§ Problem: Two lines mark the range in the entries below: the one holding "unfolding f_def norm_mult norm_power" and the one holding "(\<lambda>N \<theta>. \<Sum>i<N.". Set down those two and all lines between them, exactly.

====== Material for this exercise

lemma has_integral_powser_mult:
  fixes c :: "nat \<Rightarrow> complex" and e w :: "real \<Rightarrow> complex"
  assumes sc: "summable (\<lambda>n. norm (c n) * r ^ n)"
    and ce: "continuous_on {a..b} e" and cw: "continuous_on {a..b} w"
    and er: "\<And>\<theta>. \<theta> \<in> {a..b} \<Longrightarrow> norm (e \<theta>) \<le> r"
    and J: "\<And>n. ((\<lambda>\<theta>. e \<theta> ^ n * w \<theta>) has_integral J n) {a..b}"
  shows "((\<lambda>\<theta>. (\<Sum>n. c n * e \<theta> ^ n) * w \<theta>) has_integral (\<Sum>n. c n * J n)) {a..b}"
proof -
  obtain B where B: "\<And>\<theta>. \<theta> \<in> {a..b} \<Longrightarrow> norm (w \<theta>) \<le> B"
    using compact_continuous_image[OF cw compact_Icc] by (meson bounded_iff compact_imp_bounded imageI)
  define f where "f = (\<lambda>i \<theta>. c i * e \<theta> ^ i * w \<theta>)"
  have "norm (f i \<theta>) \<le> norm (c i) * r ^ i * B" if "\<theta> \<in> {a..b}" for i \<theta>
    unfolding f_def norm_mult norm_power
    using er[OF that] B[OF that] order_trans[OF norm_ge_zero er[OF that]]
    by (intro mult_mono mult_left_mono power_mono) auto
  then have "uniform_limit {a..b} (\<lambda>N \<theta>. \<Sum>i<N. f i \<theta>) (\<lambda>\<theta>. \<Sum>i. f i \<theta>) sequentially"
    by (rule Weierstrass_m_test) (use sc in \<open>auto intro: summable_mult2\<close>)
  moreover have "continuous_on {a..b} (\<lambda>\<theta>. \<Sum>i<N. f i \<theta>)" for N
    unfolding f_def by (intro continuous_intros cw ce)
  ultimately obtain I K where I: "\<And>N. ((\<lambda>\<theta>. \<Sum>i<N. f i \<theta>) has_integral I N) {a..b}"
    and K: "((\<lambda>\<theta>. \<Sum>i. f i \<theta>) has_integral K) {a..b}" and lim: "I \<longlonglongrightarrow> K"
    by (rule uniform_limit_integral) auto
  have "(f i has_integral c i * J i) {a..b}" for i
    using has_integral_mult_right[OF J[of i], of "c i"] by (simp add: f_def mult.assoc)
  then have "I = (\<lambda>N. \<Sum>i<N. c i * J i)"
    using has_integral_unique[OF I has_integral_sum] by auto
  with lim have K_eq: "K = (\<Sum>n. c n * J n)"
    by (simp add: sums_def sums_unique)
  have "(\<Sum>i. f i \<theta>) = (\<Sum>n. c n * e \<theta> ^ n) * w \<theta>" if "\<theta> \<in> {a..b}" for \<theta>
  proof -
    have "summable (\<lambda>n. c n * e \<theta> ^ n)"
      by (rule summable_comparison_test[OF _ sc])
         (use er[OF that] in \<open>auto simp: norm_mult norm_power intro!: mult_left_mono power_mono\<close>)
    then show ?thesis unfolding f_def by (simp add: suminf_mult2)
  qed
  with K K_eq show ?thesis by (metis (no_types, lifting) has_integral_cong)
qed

============
====== Material for this exercise

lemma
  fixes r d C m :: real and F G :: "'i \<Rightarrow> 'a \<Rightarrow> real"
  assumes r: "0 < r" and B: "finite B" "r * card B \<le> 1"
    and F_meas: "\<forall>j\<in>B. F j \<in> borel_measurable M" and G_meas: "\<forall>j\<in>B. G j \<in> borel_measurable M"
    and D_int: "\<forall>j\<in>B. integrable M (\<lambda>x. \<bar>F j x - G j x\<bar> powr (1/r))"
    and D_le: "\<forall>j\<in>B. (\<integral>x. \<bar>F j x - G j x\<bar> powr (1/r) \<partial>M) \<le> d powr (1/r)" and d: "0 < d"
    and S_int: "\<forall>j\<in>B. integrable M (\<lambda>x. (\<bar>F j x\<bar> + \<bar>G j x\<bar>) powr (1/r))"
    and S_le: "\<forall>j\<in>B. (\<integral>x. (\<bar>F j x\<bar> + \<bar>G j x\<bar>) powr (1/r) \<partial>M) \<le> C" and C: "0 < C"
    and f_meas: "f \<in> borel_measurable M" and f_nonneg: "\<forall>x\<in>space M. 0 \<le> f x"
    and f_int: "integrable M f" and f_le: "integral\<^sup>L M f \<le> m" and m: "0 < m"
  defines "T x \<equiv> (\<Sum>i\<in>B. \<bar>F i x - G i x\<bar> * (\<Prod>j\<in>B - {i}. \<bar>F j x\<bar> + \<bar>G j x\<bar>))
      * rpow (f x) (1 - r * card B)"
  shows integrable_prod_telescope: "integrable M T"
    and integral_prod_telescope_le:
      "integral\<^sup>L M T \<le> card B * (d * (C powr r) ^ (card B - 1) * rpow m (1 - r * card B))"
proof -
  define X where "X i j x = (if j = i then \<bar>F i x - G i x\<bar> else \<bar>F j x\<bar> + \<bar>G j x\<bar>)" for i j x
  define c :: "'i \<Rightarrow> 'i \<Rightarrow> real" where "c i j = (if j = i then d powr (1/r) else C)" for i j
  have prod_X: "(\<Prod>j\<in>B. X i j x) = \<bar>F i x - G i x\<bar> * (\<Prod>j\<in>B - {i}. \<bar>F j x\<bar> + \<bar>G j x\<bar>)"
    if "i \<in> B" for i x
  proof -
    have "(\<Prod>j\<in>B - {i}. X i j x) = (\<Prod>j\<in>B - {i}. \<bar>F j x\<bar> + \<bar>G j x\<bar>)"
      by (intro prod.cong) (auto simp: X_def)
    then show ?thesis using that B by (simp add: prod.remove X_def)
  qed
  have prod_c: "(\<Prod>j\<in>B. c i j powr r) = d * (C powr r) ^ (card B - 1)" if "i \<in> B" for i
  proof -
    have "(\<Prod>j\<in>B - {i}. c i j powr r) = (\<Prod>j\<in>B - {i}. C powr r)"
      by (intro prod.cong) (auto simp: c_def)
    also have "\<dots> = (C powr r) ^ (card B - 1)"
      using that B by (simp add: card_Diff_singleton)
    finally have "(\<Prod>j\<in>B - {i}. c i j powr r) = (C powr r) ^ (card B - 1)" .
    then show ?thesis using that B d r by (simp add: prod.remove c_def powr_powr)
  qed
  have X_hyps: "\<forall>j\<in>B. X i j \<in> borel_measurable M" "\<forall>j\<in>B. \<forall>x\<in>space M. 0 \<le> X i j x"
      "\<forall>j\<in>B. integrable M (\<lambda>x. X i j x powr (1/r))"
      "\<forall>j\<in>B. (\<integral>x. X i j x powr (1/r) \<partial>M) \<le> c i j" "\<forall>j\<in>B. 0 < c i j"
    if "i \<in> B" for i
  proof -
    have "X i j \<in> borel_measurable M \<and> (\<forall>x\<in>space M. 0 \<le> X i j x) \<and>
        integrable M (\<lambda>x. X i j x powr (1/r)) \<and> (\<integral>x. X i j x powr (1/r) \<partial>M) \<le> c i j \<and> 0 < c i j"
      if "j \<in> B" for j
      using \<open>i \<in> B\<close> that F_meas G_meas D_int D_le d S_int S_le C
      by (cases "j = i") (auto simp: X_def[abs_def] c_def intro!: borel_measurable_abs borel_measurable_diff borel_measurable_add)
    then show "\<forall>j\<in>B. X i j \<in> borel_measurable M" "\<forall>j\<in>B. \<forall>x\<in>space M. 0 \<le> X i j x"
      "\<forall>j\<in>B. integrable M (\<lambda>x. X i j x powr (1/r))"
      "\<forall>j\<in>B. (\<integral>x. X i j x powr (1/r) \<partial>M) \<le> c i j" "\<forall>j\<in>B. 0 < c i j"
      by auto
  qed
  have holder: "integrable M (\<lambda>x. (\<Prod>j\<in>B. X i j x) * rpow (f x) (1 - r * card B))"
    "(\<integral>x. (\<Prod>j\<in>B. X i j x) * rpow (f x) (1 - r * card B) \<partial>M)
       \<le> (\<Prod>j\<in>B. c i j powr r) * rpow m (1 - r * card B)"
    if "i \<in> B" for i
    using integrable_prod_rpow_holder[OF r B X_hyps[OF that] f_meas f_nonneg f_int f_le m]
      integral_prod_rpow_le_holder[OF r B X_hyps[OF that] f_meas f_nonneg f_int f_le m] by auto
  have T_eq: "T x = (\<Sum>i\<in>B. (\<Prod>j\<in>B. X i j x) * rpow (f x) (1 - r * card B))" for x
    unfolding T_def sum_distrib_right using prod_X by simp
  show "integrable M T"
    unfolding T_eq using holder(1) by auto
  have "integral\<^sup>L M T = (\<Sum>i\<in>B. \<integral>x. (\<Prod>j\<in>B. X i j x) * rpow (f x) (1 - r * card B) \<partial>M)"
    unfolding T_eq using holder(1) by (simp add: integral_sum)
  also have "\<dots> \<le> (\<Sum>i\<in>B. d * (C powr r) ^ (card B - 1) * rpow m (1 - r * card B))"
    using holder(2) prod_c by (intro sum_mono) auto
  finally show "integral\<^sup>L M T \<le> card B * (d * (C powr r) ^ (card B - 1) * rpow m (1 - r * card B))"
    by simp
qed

============

§ Answer space:
    unfolding f_def norm_mult norm_power
    using er[OF that] B[OF that] order_trans[OF norm_ge_zero er[OF that]]
    by (intro mult_mono mult_left_mono power_mono) auto
  then have "uniform_limit {a..b} (\<lambda>N \<theta>. \<Sum>i<N. f i \<theta>) (\<lambda>\<theta>. \<Sum>i. f i \<theta>) sequentially"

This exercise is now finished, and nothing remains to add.